## ASSIGNED TASK
Produce an exact copy of the listing.
[[ DATA FOR ANALYSIS, beginning ]]
lemma card_sep_chain_window_le:
  assumes g: "graph V E" and c: "sep_chain V E m L R" and ij: "i < j" "j \<le> Suc m"
    and bags: "\<And>k. i \<le> k \<Longrightarrow> k < j \<Longrightarrow> card (L (Suc k) \<inter> R k) \<le> w"
  shows "card (L j \<inter> R i) \<le> (j - i) * w"
proof -
  have cover: "L j \<inter> R i \<subseteq> (\<Union>k\<in>{i..<j}. L (Suc k) \<inter> R k)"
  proof
    fix v assume v: "v \<in> L j \<inter> R i"
    then obtain k where k: "k < j" "v \<in> L (Suc k) \<inter> R k" using sep_chain_enters_bag[OF c _ ij(2)] by blast
    show "v \<in> (\<Union>k\<in>{i..<j}. L (Suc k) \<inter> R k)"
    proof (cases "i \<le> k")
      case False
      then have "v \<in> L (Suc i)" using k sep_chain_mono(1)[OF c, of "Suc k" "Suc i"] ij by auto
      then show ?thesis using v ij by auto
    qed (use k in auto)
  qed
  have "finite V" using g unfolding graph_def by simp
  then have "card (L j \<inter> R i) \<le> card (\<Union>k\<in>{i..<j}. L (Suc k) \<inter> R k)"
    using sep_chainD(3)[OF c] ij by (intro card_mono[OF _ cover]) (meson atLeastLessThan_iff finite_Int finite_UN_I finite_atLeastLessThan finite_subset le_trans Suc_leI)
  also have "\<dots> \<le> (\<Sum>k\<in>{i..<j}. card (L (Suc k) \<inter> R k))" by (rule card_UN_le) simp
  also have "\<dots> \<le> (\<Sum>k\<in>{i..<j}. w)" by (rule sum_mono) (use bags in auto)
  finally show ?thesis by simp
qed

definition pd_left :: "nat set list \<Rightarrow> nat \<Rightarrow> nat set" where
  "pd_left B k = (\<Union>i\<in>{i. i < k \<and> i < length B}. B ! i)"

definition pd_right :: "nat set list \<Rightarrow> nat \<Rightarrow> nat set" where
  "pd_right B k = (\<Union>i\<in>{i. k \<le> i \<and> i < length B}. B ! i)"

lemma path_decomp_convex:
  assumes "path_decomp V E B" "v \<in> B ! i" "v \<in> B ! k" "i \<le> j" "j \<le> k" "k < length B"
  shows "v \<in> B ! j"
proof -
  have "B ! i \<subseteq> V" using assms unfolding path_decomp_def by simp
  then have "v \<in> V" using assms(2) by blast
  then show ?thesis using assms unfolding path_decomp_def by blast
qed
[[ DATA FOR ANALYSIS, end ]]
## ANSWER TO THIS TASK
lemma card_sep_chain_window_le:
  assumes g: "graph V E" and c: "sep_chain V E m L R" and ij: "i < j" "j \<le> Suc m"
    and bags: "\<And>k. i \<le> k \<Longrightarrow> k < j \<Longrightarrow> card (L (Suc k) \<inter> R k) \<le> w"
  shows "card (L j \<inter> R i) \<le> (j - i) * w"
proof -
  have cover: "L j \<inter> R i \<subseteq> (\<Union>k\<in>{i..<j}. L (Suc k) \<inter> R k)"
  proof
    fix v assume v: "v \<in> L j \<inter> R i"
    then obtain k where k: "k < j" "v \<in> L (Suc k) \<inter> R k" using sep_chain_enters_bag[OF c _ ij(2)] by blast
    show "v \<in> (\<Union>k\<in>{i..<j}. L (Suc k) \<inter> R k)"
    proof (cases "i \<le> k")
      case False
      then have "v \<in> L (Suc i)" using k sep_chain_mono(1)[OF c, of "Suc k" "Suc i"] ij by auto
      then show ?thesis using v ij by auto
    qed (use k in auto)
  qed
  have "finite V" using g unfolding graph_def by simp
  then have "card (L j \<inter> R i) \<le> card (\<Union>k\<in>{i..<j}. L (Suc k) \<inter> R k)"
    using sep_chainD(3)[OF c] ij by (intro card_mono[OF _ cover]) (meson atLeastLessThan_iff finite_Int finite_UN_I finite_atLeastLessThan finite_subset le_trans Suc_leI)
  also have "\<dots> \<le> (\<Sum>k\<in>{i..<j}. card (L (Suc k) \<inter> R k))" by (rule card_UN_le) simp
  also have "\<dots> \<le> (\<Sum>k\<in>{i..<j}. w)" by (rule sum_mono) (use bags in auto)
  finally show ?thesis by simp
qed

definition pd_left :: "nat set list \<Rightarrow> nat \<Rightarrow> nat set" where
  "pd_left B k = (\<Union>i\<in>{i. i < k \<and> i < length B}. B ! i)"

definition pd_right :: "nat set list \<Rightarrow> nat \<Rightarrow> nat set" where
  "pd_right B k = (\<Union>i\<in>{i. k \<le> i \<and> i < length B}. B ! i)"

lemma path_decomp_convex:
  assumes "path_decomp V E B" "v \<in> B ! i" "v \<in> B ! k" "i \<le> j" "j \<le> k" "k < length B"
  shows "v \<in> B ! j"
proof -
  have "B ! i \<subseteq> V" using assms unfolding path_decomp_def by simp
  then have "v \<in> V" using assms(2) by blast
  then show ?thesis using assms unfolding path_decomp_def by blast
qed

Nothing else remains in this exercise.